The first 25 seconds of the classic Christmas carol were etched onto polymer film using the Nanofrazor 3D lithography system.
Physicists at the Technical University of Denmark (DTU) are making Christmas merry using a 3D nanolithography tool. Nanofrasor breaking the smallest record. The tune they “recorded,” in full stereo, no less: the first 25 seconds of “Swinging Around the Christmas Tree.”
“I’ve been doing lithography for 30 years, and even though we’ve had this machine for a while, it still feels like science fiction.” said Peter Bøggild, physicist at DTU. “To get an idea of the scale we’re working with, we can write our own signatures on a red blood cell with this thing. What’s more radical is that we can create freeform 3D landscapes with this crazy resolution.”

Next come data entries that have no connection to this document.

lemma convex_ball_midpoint:
  fixes K :: "'a::real_normed_vector set"
  assumes "convex K" "ball x e \<subseteq> K" "ball y e \<subseteq> K"
  shows "ball (midpoint x y) e \<subseteq> K"
proof
  fix v assume "v \<in> ball (midpoint x y) e"
  moreover have "dist x (x + (v - midpoint x y)) = dist (midpoint x y) v"
    and "dist y (y + (v - midpoint x y)) = dist (midpoint x y) v"
    by (simp_all add: dist_norm norm_minus_commute)
  ultimately have "x + (v - midpoint x y) \<in> K" "y + (v - midpoint x y) \<in> K"
    using assms(2,3) by auto
  moreover have "x + y = midpoint x y + midpoint x y" by (simp add: midpoint_eq_iff[symmetric])
  then have "midpoint (x + (v - midpoint x y)) (y + (v - midpoint x y)) = v"
    by (simp add: midpoint_eq_iff algebra_simps)
  ultimately show "v \<in> K"
    using convexD[OF assms(1), of _ _ "1/2" "1/2"] by (fastforce simp: midpoint_def scaleR_add_right)
qed

lemma convex_cone_eq_UNIV_of_ball:
  fixes K :: "'a::real_normed_vector set"
  assumes "convex_cone K" "ball v e \<subseteq> K" "norm v < e"
  shows "K = UNIV"
proof -
  define r where "r = e - norm v"
  have "0 < r" using assms(3) by (simp add: r_def)
  have small: "w \<in> K" if "norm w < r" for w
  proof -
    have "dist v w < e"
      using that norm_triangle_ineq4[of v w] by (simp add: r_def dist_norm)
    then show ?thesis using assms(2) by auto
  qed
  have "w \<in> K" for w
  proof (cases "w = 0")
    case False
    define a where "a = r / (2 * norm w)"
    have "0 < a" using \<open>0 < r\<close> False by (simp add: a_def)
    have "norm (a *\<^sub>R w) < r" using \<open>0 < r\<close> False by (simp add: a_def)
    then have "a *\<^sub>R w \<in> K" by (rule small)
    from convex_cone_scaleR[OF assms(1) _ this, of "1 / a"] show ?thesis using \<open>0 < a\<close> by simp
  qed (use small \<open>0 < r\<close> in auto)
  then show ?thesis by auto
qed

lemma convex_cone_ball_shift:
  fixes K :: "'a::real_inner set"
  assumes "convex_cone K" "ball x e \<subseteq> K" "y \<in> K" "norm x = 1" "norm y = 1" "y \<bullet> x < 0"
  obtains v where "ball v e \<subseteq> K" "norm v < 1"
proof
  define b where "b = y \<bullet> x"
  define v where "v = x + (- b / 2) *\<^sub>R y"
  have "0 < - b / 2" using assms(6) by (simp add: b_def)
  then show "ball v e \<subseteq> K"
    unfolding v_def by (intro convex_cone_ball_add[OF assms(1,2)] convex_cone_scaleR[OF assms(1) _ assms(3)]) simp
  have "(norm v)\<^sup>2 = 1 - 3 * b\<^sup>2 / 4"
    using norm_unit_comb_sq[OF assms(4,5), of 1 "- b / 2"]
    by (simp add: v_def b_def inner_commute power2_eq_square field_simps)
  moreover have "0 < b\<^sup>2" using assms(6) by (simp add: b_def)
  ultimately have "(norm v)\<^sup>2 < 1\<^sup>2" by simp
  then show "norm v < 1" by (rule power_less_imp_less_base) simp
qed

Back In 2015the same DTU group created a microscopic color image of Mona Lisa, about 10,000 times smaller than Leonardo da Vinci’s original painting. To do this, they created a nanoscale surface structure consisting of rows of columns covered with a 20 nm thick layer of aluminum. How much the column was deformed was determined by which colors of light were reflected, and the deformation, in turn, was determined by the intensity of the pulsed laser beam. For example, low-intensity pulses deform the columns only slightly, creating blue and violet tones, while strong pulses significantly deform the columns, creating orange and yellow tones. The resulting image fits into a smaller space than a single pixel on the iPhone Retina display.

DTU Physics
A DTU physics group has acquired a Nanofrasor to quickly and relatively inexpensively sculpt highly detailed 3D nanostructures. The Christmas record was simply a fun holiday project for postdoc Nolan Lassaline to demonstrate his ability to shape a surface with nanoscale precision. Instead of adding material to a surface, the Nanofrazor precisely removes material to sculpt the surface into a desired pattern or shape—a kind of grayscale nanolithography.

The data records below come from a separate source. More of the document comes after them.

lemma pathmat_string_rep:
  assumes n: "1 \<le> n" and i: "i < n" and j: "j < n"
  shows "pathmat n (string_rep n i L :: 'k::field rep) j m = mat (string_dim n i L ((j+m) mod n)) (string_dim n i L j)
     (\<lambda>(k1,k2). if path_len n i ((j+m) mod n) k1 = path_len n i j k2 + m then 1 else 0)"
proof (induction m)
  case 0
  show ?case unfolding string_rep_def using j path_len_inj[OF n] by (intro eq_matI) auto
next
  case (Suc m)
  let ?q = "(j+m) mod n"
  have q: "?q < n" using n by simp
  have q': "nxt n ?q = (j + Suc m) mod n" using nxt_mod n by simp
  let ?P = "mat (string_dim n i L ?q) (string_dim n i L j) (\<lambda>(k1,k2). if path_len n i ?q k1 = path_len n i j k2 + m then 1 else (0::'k))"
  have "pathmat n (string_rep n i L :: 'k rep) j (Suc m) = arr (string_rep n i L :: 'k rep) ?q * pathmat n (string_rep n i L :: 'k rep) j m" by simp
  also have "\<dots> = string_arr n i L ?q * ?P" unfolding Suc by (simp add: string_rep_def)
  also have "\<dots> = mat (string_dim n i L (nxt n ?q)) (string_dim n i L j)
      (\<lambda>(k1,k2). if wraps n i ?q \<le> k1 \<and> k1 - wraps n i ?q < string_dim n i L ?q then ?P $$ (k1 - wraps n i ?q, k2) else 0)"
    unfolding string_arr_def by (rule mult_shift_mat_left) simp
  also have "\<dots> = mat (string_dim n i L ((j + Suc m) mod n)) (string_dim n i L j)
     (\<lambda>(k1,k2). if path_len n i ((j + Suc m) mod n) k1 = path_len n i j k2 + Suc m then 1 else 0)"
  proof (rule eq_matI)
    fix k1 k2 assume kk: "k1 < dim_row (mat (string_dim n i L ((j + Suc m) mod n)) (string_dim n i L j)
     (\<lambda>(k1,k2). if path_len n i ((j + Suc m) mod n) k1 = path_len n i j k2 + Suc m then 1 else (0::'k)))"
      "k2 < dim_col (mat (string_dim n i L ((j + Suc m) mod n)) (string_dim n i L j)
     (\<lambda>(k1,k2). if path_len n i ((j + Suc m) mod n) k1 = path_len n i j k2 + Suc m then 1 else (0::'k)))"
    then have k1: "k1 < string_dim n i L (nxt n ?q)" and k2: "k2 < string_dim n i L j" using q' by auto
    show "mat (string_dim n i L (nxt n ?q)) (string_dim n i L j)
        (\<lambda>(k1,k2). if wraps n i ?q \<le> k1 \<and> k1 - wraps n i ?q < string_dim n i L ?q then ?P $$ (k1 - wraps n i ?q, k2) else 0) $$ (k1,k2)
      = mat (string_dim n i L ((j + Suc m) mod n)) (string_dim n i L j)
        (\<lambda>(k1,k2). if path_len n i ((j + Suc m) mod n) k1 = path_len n i j k2 + Suc m then 1 else 0) $$ (k1,k2)"
    proof (cases "wraps n i ?q \<le> k1")
      case True
      have sh: "path_len n i (nxt n ?q) k1 = path_len n i ?q (k1 - wraps n i ?q) + 1" using path_len_shift[OF n i q, of k1 "k1 - wraps n i ?q"] True by simp
      have lt: "k1 - wraps n i ?q < string_dim n i L ?q" using string_dim_iff[OF n] k1 sh by simp
      show ?thesis using True lt k1 k2 sh q' by simp
    next
      case False
      then have "k1 = 0" "nxt n ?q = i" unfolding wraps_def by (auto split: if_splits)
      then have "path_len n i (nxt n ?q) k1 = 0" using path_len_self[OF n i] by simp
      then show ?thesis using False k1 k2 q' by simp
    qed
  qed (use q' in auto)
  finally show ?case .
qed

“The nanofrasor was activated like a record-breaking lathe – turning the sound signal into a spiral groove on the surface of the medium.” Bøggild said, who is also an avid musician and vinyl enthusiast. “In this case, the medium is a different polymer than vinyl. We’ve even encoded the music in stereo—the sidebands are the left channel, and the depth modulation contains the right channel. Getting a hit can be very practical and expensive. Remember. An atomic force microscope expensive enough to read the groove or Nanofrazor is needed, but it’s definitely possible.”
The initial goal is to use the Nanofrasor to develop new types of magnetic sensors that can detect currents in living brains. Lassaline plans to create a “quantum soap bubble” in graphene, hoping to discover new ways to precisely manipulate electrons in this and other atomically thin materials. “Now being able to precisely shape surfaces with nanoscale precision at the speed of imagination is a game changer for us” DTU physicist Tim Booth said. “We have many ideas for what to do next, and we believe this machine will significantly accelerate the prototyping of new structures.”